Statistical analysis
We calculated absolute and relative frequencies for all categorical parameters and arithmetic mean, standard deviation, median and quartiles for all metrically scaled parameters. If possible, we performed a McNemar-Bowker test and calculated Cramér’s V as well as Spearman’s rho to see if either the decisions made by the multidisciplinary committee after obtaining molecular information following the initial surgery, or guideline recommendations, which were in place at the time of treatment, correlated with the treatment administered. It was not possible to calculate Cramér’s V to analyse deviations from guidelines, because guidelines recommend not only chemotherapy or radiotherapy, but also sequential therapy. Patients with secondary or tertiary lesions and who were treated before the European guidelines were published in May, 2017 were excluded [17]. We formed an additional variable for deviance of multidisciplinary board decisions and guidelines. We set up an ordinal scale by escalation of therapy (wait and scan, RT or CT, sequential therapy (RT followed by CT) and combined therapy (RT&CT followed by CT) and calculated rank differences by recommendation and received therapy. This new variable was used as a dependent variable for univariate and multivariate logistic regression analysis.
We performed univariate logistic regression analysis with adjuvant therapy as a dichotomous outcome to identify factors associated with observation. Predictor variables with a significant association (p < 0.1) were then used for a multivariate logistic regression analysis. The Eastern Cooperative Oncology Group (ECOG) performance status was used as a dichotomous outcome for further univariate logistic regression analysis. An ECOG score of 0–1 was considered favourable, while a score of 2–4 was considered unfavourable. Univariate and multivariate logistic regression models were also performed with chemotherapy and radiotherapy alone as dichotomous variables to assess associated factors.

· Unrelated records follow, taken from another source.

theorem kstar_upper_bounds:
  fixes L :: "'a list set"
  shows "(kappa L = 1 \<and> closed_lang L \<longrightarrow> kappa (kstar L) \<le> 2) \<and>
         (\<forall>n. kappa L = n \<and> n \<ge> 2 \<longrightarrow>
            (prefix_closed L \<longrightarrow> kappa (kstar L) \<le> 2 ^ (n - 2) + 1) \<and>
            (suffix_closed L \<longrightarrow>
               (L = kstar L \<longrightarrow> kappa (kstar L) \<le> n) \<and>
               (L \<noteq> kstar L \<longrightarrow> kappa (kstar L) \<le> n - 1)) \<and>
            (factor_closed L \<or> subword_closed L \<longrightarrow> kappa (kstar L) \<le> 2))"
proof (intro conjI allI impI)
  show "kappa L = 1 \<and> closed_lang L \<Longrightarrow> kappa (kstar L) \<le> 2"
    using kappa_one_kappa_kstar by blast
  fix n assume n: "kappa L = n \<and> n \<ge> 2"
  show "prefix_closed L \<Longrightarrow> kappa (kstar L) \<le> 2 ^ (n - 2) + 1"
    using prefix_closed_kappa_kstar n by blast
  show "suffix_closed L \<Longrightarrow> L = kstar L \<Longrightarrow> kappa (kstar L) \<le> n"
    using suffix_closed_kappa_kstar(1) n by blast
  show "suffix_closed L \<Longrightarrow> L \<noteq> kstar L \<Longrightarrow> kappa (kstar L) \<le> n - 1"
    using suffix_closed_kappa_kstar(2) n by blast
  show "factor_closed L \<or> subword_closed L \<Longrightarrow> kappa (kstar L) \<le> 2"
    using factor_closed_kappa_kstar subword_closed_imp_factor_closed by blast
qed

lemma two_distinct_letters:
  assumes "card (UNIV :: 'a::finite set) \<ge> 2"
  obtains a b :: "'a::finite" where "a \<noteq> b"
proof -
  obtain x :: 'a where True by simp
  have "\<exists>y::'a. y \<noteq> x"
  proof (rule ccontr)
    assume "\<not> (\<exists>y::'a. y \<noteq> x)"
    then have univ: "(UNIV :: 'a set) = {x}" by auto
    have "card (UNIV :: 'a set) = 1" unfolding univ by simp
    then show False using assms by simp
  qed
  then show ?thesis using that by blast
qed
lemma idempotent_inner_jp_self_nonneg:
  assumes cc: "jp c c = c"
  shows "0 \<le> inner (jp c z) z"
proof -
  \<comment> \<open>With m_k = inner z (L^k z) for L = jp c, the cube identity and norm (L z - L^2 z) \<ge> 0
    give m_1 \<ge> m_2 = (norm (L z))^2.\<close>
  define z1 where "z1 = jp c z"
  define z2 where "z2 = jp c z1"
  define z3 where "z3 = jp c z2"
  define z4 where "z4 = jp c z3"
  have cube1: "2 *\<^sub>R z3 = 3 *\<^sub>R z2 - z1" and cube2: "2 *\<^sub>R z4 = 3 *\<^sub>R z3 - z2"
    using idempotent_cube[OF cc, of z] idempotent_cube[OF cc, of z1] by (simp_all add: z1_def z2_def z3_def z4_def)
  have "inner z1 z1 = inner z z2" "inner z1 z2 = inner z z3" "inner z2 z2 = inner z z4"
    using inner_jp_assoc[of c z z1] inner_jp_assoc[of c z z2] inner_jp_assoc[of c z1 z2] inner_jp_assoc[of c z z3]
    by (simp_all add: z1_def z2_def z3_def z4_def inner_commute)
  moreover have "2 * inner z z3 = 3 * inner z z2 - inner z z1" "2 * inner z z4 = 3 * inner z z3 - inner z z2"
    using arg_cong[OF cube1, of "inner z"] arg_cong[OF cube2, of "inner z"] by (simp_all add: inner_diff_right)
  moreover have "0 \<le> inner (z1 - z2) (z1 - z2)" "0 \<le> inner z1 z1"
    by simp_all
  ultimately show ?thesis
    by (simp add: z1_def inner_commute inner_diff_left inner_diff_right)
qed

lemma inner_idempotents_nonneg:
  assumes "jp c c = c" "jp d d = d"
  shows "0 \<le> inner c d"
proof -
  have "inner c d = inner (jp c d) d"
    using assms(2) inner_jp_assoc[of d d c] by (simp add: jp_commute inner_commute)
  then show ?thesis
    using idempotent_inner_jp_self_nonneg[OF assms(1)] by simp
qed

We used the presence of a rank difference as a dichotomous outcome for a binary univariate logistic regression analysis to analyse factors associated with deviation from the recommendation. We used the preoperative and postoperative NIHSS, the difference of the preoperative and postoperative (delta) NIHSS, postoperative ECOG performance status, the presence of a postoperative neurological deficit, WHO grade, recurrence of the tumour, previous treatment, age, age less than 40 years old, histological and molecular findings of astrocytoma or oligodendroglioma, presence of residual tumour, eloquent site, treatment centre and time from diagnosis to treatment as independent variables.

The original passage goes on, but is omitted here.